WHAT IS BEING ASKED: Restate word for word the lines of the records below, starting at the line that contains "((\<theta> * m" and ending at the line that contains "< \<theta> \<Longrightarrow> Tset_grid", with both of those lines included and nothing else.

Dataset excerpts

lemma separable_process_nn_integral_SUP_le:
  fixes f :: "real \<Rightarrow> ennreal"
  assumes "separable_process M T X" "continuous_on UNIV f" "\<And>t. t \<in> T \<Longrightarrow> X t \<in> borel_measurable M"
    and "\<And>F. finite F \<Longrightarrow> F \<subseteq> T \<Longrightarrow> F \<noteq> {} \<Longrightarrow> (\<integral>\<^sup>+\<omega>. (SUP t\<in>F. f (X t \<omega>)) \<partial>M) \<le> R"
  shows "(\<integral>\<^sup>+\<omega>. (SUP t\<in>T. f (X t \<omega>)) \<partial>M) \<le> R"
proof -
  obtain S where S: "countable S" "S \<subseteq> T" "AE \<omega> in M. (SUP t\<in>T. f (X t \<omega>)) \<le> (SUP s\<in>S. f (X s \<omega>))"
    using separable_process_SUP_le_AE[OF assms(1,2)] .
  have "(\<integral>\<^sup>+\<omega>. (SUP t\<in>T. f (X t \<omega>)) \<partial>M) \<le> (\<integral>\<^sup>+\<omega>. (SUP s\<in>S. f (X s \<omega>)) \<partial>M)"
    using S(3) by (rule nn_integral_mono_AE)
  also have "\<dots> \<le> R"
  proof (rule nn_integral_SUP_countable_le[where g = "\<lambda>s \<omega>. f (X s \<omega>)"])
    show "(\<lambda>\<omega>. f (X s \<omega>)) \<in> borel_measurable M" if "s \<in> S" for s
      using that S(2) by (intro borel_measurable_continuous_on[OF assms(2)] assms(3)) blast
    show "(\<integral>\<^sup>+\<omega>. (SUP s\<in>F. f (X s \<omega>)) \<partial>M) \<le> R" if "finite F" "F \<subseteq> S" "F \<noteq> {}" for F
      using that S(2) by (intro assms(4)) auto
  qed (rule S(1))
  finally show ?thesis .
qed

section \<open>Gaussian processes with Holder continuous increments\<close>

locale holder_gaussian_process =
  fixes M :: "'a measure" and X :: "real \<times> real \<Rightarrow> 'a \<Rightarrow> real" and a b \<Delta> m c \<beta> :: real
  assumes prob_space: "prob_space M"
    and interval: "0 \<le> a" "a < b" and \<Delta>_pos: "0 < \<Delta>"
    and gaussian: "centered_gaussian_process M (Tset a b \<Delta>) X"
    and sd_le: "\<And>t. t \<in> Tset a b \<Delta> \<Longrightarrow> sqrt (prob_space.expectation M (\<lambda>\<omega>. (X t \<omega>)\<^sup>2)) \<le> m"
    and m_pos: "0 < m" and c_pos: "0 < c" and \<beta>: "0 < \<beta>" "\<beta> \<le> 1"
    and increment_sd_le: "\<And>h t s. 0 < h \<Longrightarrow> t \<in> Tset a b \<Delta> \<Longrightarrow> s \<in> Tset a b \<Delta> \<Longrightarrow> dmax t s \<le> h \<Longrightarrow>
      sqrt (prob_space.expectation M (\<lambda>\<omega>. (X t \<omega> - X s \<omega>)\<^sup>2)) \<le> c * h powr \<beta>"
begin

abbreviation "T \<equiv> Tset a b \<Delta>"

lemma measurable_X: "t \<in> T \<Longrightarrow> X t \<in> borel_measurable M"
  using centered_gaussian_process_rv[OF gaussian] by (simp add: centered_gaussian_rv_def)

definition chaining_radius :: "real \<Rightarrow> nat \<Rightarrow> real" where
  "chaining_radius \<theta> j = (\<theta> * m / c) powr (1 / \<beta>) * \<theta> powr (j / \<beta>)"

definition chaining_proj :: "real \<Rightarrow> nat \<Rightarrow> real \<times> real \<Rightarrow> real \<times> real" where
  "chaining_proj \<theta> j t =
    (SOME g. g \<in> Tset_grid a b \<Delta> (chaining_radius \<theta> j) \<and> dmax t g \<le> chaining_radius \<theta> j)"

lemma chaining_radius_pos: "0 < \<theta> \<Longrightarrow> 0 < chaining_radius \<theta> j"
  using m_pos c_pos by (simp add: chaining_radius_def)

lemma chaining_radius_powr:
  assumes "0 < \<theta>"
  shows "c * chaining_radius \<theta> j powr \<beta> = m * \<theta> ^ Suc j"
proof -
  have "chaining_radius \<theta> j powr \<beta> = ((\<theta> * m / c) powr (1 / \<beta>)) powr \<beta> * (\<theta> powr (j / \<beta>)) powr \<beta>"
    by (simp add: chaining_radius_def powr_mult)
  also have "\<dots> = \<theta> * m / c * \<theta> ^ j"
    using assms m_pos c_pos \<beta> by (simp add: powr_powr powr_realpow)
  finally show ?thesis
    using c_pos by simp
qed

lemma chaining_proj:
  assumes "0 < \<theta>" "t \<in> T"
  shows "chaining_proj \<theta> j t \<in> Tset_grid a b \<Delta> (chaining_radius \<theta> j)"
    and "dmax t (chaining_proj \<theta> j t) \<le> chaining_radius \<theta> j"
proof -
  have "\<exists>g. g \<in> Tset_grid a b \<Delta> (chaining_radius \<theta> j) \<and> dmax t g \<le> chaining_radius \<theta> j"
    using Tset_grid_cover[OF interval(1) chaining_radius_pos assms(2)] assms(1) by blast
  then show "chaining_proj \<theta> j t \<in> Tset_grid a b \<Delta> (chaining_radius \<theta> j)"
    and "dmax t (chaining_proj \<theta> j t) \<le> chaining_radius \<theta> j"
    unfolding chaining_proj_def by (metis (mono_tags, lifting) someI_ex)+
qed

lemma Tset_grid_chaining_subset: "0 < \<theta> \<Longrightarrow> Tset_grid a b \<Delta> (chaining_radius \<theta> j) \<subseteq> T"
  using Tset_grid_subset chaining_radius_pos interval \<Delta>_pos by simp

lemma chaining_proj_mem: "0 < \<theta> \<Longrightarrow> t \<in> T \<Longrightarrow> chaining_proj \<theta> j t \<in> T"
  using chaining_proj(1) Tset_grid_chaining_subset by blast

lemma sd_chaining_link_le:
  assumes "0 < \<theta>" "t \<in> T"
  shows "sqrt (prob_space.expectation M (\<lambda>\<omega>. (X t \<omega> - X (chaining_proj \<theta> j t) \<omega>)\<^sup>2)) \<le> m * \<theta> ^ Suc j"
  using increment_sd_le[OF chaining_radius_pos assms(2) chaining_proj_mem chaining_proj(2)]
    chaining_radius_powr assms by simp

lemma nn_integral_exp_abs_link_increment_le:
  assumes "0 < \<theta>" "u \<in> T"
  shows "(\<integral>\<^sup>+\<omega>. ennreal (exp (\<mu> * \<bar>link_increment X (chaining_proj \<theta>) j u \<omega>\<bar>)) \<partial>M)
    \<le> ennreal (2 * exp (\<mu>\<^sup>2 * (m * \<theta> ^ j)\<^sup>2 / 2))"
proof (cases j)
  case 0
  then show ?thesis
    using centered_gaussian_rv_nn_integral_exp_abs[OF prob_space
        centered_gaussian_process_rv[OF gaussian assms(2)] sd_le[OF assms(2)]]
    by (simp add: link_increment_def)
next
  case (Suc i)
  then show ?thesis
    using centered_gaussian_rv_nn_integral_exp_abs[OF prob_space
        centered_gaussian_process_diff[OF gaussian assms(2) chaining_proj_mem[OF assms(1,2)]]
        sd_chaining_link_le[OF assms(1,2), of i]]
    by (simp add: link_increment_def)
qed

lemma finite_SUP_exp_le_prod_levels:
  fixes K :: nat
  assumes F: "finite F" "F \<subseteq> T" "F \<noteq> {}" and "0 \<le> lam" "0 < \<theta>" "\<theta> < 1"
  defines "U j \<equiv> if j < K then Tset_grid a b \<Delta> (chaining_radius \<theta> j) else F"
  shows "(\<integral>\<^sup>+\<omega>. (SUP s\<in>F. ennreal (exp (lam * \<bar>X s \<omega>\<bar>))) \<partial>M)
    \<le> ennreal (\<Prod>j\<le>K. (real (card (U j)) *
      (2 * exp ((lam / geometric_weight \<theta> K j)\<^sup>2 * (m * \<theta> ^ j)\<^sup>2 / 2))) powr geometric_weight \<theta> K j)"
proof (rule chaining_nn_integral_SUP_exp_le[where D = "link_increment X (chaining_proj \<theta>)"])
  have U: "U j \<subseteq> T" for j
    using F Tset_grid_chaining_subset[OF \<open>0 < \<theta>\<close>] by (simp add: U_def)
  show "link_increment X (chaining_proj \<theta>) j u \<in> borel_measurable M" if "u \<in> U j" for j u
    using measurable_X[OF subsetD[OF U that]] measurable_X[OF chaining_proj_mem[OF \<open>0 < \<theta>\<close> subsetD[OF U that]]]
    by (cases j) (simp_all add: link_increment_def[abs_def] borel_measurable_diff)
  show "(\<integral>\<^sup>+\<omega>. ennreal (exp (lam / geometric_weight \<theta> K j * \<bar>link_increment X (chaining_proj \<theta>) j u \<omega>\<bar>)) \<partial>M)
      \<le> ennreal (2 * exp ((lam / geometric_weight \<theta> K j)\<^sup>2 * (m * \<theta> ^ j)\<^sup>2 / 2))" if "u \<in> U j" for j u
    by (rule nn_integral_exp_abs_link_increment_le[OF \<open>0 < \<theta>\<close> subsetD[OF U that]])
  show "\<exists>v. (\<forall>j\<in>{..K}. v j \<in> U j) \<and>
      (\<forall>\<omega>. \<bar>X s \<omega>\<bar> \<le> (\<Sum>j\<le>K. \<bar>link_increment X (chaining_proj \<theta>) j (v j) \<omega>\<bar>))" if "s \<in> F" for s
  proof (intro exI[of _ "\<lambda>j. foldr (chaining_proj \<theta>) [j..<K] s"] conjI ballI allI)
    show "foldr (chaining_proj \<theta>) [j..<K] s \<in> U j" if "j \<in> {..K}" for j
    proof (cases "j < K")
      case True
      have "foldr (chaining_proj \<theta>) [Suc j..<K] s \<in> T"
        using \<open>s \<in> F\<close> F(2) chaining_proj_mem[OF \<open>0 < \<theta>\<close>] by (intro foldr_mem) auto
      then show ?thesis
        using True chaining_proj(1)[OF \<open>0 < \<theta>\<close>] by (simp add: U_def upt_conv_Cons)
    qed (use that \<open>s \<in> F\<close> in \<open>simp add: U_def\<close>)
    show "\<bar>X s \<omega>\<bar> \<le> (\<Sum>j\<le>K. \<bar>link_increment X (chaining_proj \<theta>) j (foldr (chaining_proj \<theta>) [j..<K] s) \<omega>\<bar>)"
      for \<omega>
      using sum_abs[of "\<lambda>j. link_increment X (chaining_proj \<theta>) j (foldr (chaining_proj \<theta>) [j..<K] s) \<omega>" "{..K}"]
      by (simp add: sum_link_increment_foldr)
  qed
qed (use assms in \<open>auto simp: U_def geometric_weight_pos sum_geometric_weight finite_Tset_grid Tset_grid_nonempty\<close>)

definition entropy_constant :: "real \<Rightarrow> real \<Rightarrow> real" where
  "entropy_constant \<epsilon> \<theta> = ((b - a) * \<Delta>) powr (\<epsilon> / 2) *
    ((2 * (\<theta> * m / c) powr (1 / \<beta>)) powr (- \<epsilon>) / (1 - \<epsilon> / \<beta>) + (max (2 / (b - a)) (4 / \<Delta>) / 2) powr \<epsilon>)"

ANSWER AREA:
  have "chaining_radius \<theta> j powr \<beta> = ((\<theta> * m / c) powr (1 / \<beta>)) powr \<beta> * (\<theta> powr (j / \<beta>)) powr \<beta>"
    by (simp add: chaining_radius_def powr_mult)
  also have "\<dots> = \<theta> * m / c * \<theta> ^ j"
    using assms m_pos c_pos \<beta> by (simp add: powr_powr powr_realpow)
  finally show ?thesis
    using c_pos by simp
qed

lemma chaining_proj:
  assumes "0 < \<theta>" "t \<in> T"
  shows "chaining_proj \<theta> j t \<in> Tset_grid a b \<Delta> (chaining_radius \<theta> j)"
    and "dmax t (chaining_proj \<theta> j t) \<le> chaining_radius \<theta> j"
proof -
  have "\<exists>g. g \<in> Tset_grid a b \<Delta> (chaining_radius \<theta> j) \<and> dmax t g \<le> chaining_radius \<theta> j"
    using Tset_grid_cover[OF interval(1) chaining_radius_pos assms(2)] assms(1) by blast
  then show "chaining_proj \<theta> j t \<in> Tset_grid a b \<Delta> (chaining_radius \<theta> j)"
    and "dmax t (chaining_proj \<theta> j t) \<le> chaining_radius \<theta> j"
    unfolding chaining_proj_def by (metis (mono_tags, lifting) someI_ex)+
qed

lemma Tset_grid_chaining_subset: "0 < \<theta> \<Longrightarrow> Tset_grid a b \<Delta> (chaining_radius \<theta> j) \<subseteq> T"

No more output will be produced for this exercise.